ASSIGNMENT = In the records below, which lines include "Iminus"? Copy them.

DATASET RECORDS =

(* Let $(\mathcal{G}(u_0,v_0),-\Omega^2\,du\,dv)$ with radial function $r$ and stress-energy components $T_{uu},T_{uv},T_{vv}$ be as described in the context, satisfying assumptions (I)–(VII). Suppose the marginally trapped tube $\mathcal{A}$ is nonempty and that condition (A), namely \[ T_{uv}\,\Omega^{-2} < \frac{1}{4r^2}, \] holds at every point of $\mathcal{A}$. Then each connected component of $\mathcal{A}$ is achronal and contains no ingoing null segments.
   Context: Fix double null coordinates $(u,v)$ on $\mathbb{R}^2$ with Minkowski metric $-du\,dv$, time-oriented so that $u$ and $v$ increase toward the future. For $u_0,v_0>0$ let $K(u_0,v_0)=[0,u_0]\times[v_0,\infty)$, $\mathcal{C}_{in}=[0,u_0]\times\{v_0\}$ and $\mathcal{C}_{out}=\{0\}\times[v_0,\infty)$; causal notions $J^\pm, I^\pm$ refer to $K(u_0,v_0)$ with the (conformal) metric. Let $\mathcal{G}(u_0,v_0)\subset K(u_0,v_0)$ be a globally hyperbolic, relatively open subset containing $\mathcal{C}_{in}\cup\mathcal{C}_{out}$, equipped with the metric $-\Omega^2\,du\,dv$ ($\Omega>0$ smooth), a smooth function $r\ge 0$ (the radial function) with $r>0$ on $\mathcal{C}_{in}\cup\mathcal{C}_{out}$, and smooth functions $T_{uu},T_{uv},T_{vv}$ (the components of the stress-energy tensor of the spherically symmetric spacetime $-\Omega^2du\,dv+r^2g_{S^2}$, with Einstein equations $R_{\alpha\beta}-\frac12Rg_{\alpha\beta}=2T_{\alpha\beta}$) such that $\partial_u(\Omega^{-2}\partial_u r)=-r\Omega^{-2}T_{uu}$, $\partial_v(\Omega^{-2}\partial_v r)=-r\Omega^{-2}T_{vv}$, $\partial_u m=2r^2\Omega^{-2}(T_{uv}\partial_u r-T_{uu}\partial_v r)$, $\partial_v m=2r^2\Omega^{-2}(T_{uv}\partial_v r-T_{vv}\partial_u r)$, where $m=\frac r2(1+4\Omega^{-2}\partial_u r\,\partial_v r)$ is the Hawking mass. Define the regular region $\mathcal{R}=\{\partial_v r>0,\partial_u r<0\}$, trapped region $\mathcal{T}=\{\partial_v r<0,\partial_u r<0\}$, and marginally trapped tube $\mathcal{A}=\{\partial_v r=0,\partial_u r<0\}$ (subsets of $\mathcal{G}(u_0,v_0)$). Let $r_+=\sup_{\mathcal{C}_{out}}r$, $m_+=\sup_{\mathcal{C}_{out}}m$. Assumptions: (I) $T_{uu},T_{uv},T_{vv}\ge0$ on $\mathcal{G}(u_0,v_0)$; (II) $J^-(\mathcal{G}(u_0,v_0))\subset\mathcal{G}(u_0,v_0)$; (III) $r\le r_+<\infty$ along $\mathcal{C}_{out}$; (IV) $0\le m\le m_+<\infty$ along $\mathcal{C}_{out}$; (V) $\partial_u r<0$ along $\mathcal{C}_{out}$; (VI) $\partial_v r>0$ along $\mathcal{C}_{out}$; (VII) (extension principle, closures taken in $K(u_0,v_0)$) if $p\in\overline{\mathcal{R}}$ and $q\in\overline{\mathcal{R}}\cap I^-(p)$ with $J^-(p)\cap J^+(q)\setminus\{p\}\subset\mathcal{R}\cup\mathcal{A}$, then $p\in\mathcal{R}\cup\mathcal{A}$. An ingoing null segment is a segment of a line $\{v=\text{const}\}$ (direction $\partial_u$); outgoing null segments lie on lines $\{u=\text{const}\}$. *)

theory Defs
  imports "HOL-Analysis.Analysis"
begin

definition pu :: "(real \<times> real \<Rightarrow> real) \<Rightarrow> real \<times> real \<Rightarrow> real" where
  "pu f p = (THE d. ((\<lambda>t. f (fst p + t, snd p)) has_real_derivative d) (at 0))"

definition pv :: "(real \<times> real \<Rightarrow> real) \<Rightarrow> real \<times> real \<Rightarrow> real" where
  "pv f p = (THE d. ((\<lambda>t. f (fst p, snd p + t)) has_real_derivative d) (at 0))"

text \<open>Iterated partial derivatives (True = d/du, False = d/dv).\<close>
fun dpart :: "bool list \<Rightarrow> (real \<times> real \<Rightarrow> real) \<Rightarrow> real \<times> real \<Rightarrow> real" where
  "dpart [] f = f"
| "dpart (b # bs) f = (if b then pu else pv) (dpart bs f)"

text \<open>Smoothness on a (possibly non-open) set S: f is C-infinity on some open
  neighbourhood of S (all iterated partials are differentiable there).\<close>
definition smooth_near :: "(real \<times> real) set \<Rightarrow> (real \<times> real \<Rightarrow> real) \<Rightarrow> bool" where
  "smooth_near S f \<longleftrightarrow> (\<exists>U. open U \<and> S \<subseteq> U \<and> (\<forall>ds. dpart ds f differentiable_on U))"

definition Kreg :: "real \<Rightarrow> real \<Rightarrow> (real \<times> real) set" where
  "Kreg u0 v0 = {p. 0 \<le> fst p \<and> fst p \<le> u0 \<and> v0 \<le> snd p}"

definition Cin :: "real \<Rightarrow> real \<Rightarrow> (real \<times> real) set" where
  "Cin u0 v0 = {p. 0 \<le> fst p \<and> fst p \<le> u0 \<and> snd p = v0}"

definition Cout :: "real \<Rightarrow> real \<Rightarrow> (real \<times> real) set" where
  "Cout u0 v0 = {p. fst p = 0 \<and> v0 \<le> snd p}"

text \<open>Causal structure of K (conformally Minkowski, K convex): q is in J^+(p) iff
  u and v both do not decrease; q in I^+(p) iff both strictly increase.\<close>
definition causal_le :: "real \<times> real \<Rightarrow> real \<times> real \<Rightarrow> bool" where
  "causal_le p q \<longleftrightarrow> fst p \<le> fst q \<and> snd p \<le> snd q"

definition chron_less :: "real \<times> real \<Rightarrow> real \<times> real \<Rightarrow> bool" where
  "chron_less p q \<longleftrightarrow> fst p < fst q \<and> snd p < snd q"

definition Jplus :: "real \<Rightarrow> real \<Rightarrow> real \<times> real \<Rightarrow> (real \<times> real) set" where
  "Jplus u0 v0 p = {q \<in> Kreg u0 v0. causal_le p q}"

definition Jminus :: "real \<Rightarrow> real \<Rightarrow> real \<times> real \<Rightarrow> (real \<times> real) set" where
  "Jminus u0 v0 p = {q \<in> Kreg u0 v0. causal_le q p}"

definition Iminus :: "real \<Rightarrow> real \<Rightarrow> real \<times> real \<Rightarrow> (real \<times> real) set" where
  "Iminus u0 v0 p = {q \<in> Kreg u0 v0. chron_less q p}"

definition Jminus_set :: "real \<Rightarrow> real \<Rightarrow> (real \<times> real) set \<Rightarrow> (real \<times> real) set" where
  "Jminus_set u0 v0 S = (\<Union>p\<in>S. Jminus u0 v0 p)"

RESULT OF THE EXERCISE =
definition Iminus :: "real \<Rightarrow> real \<Rightarrow> real \<times> real \<Rightarrow> (real \<times> real) set" where
  "Iminus u0 v0 p = {q \<in> Kreg u0 v0. chron_less q p}"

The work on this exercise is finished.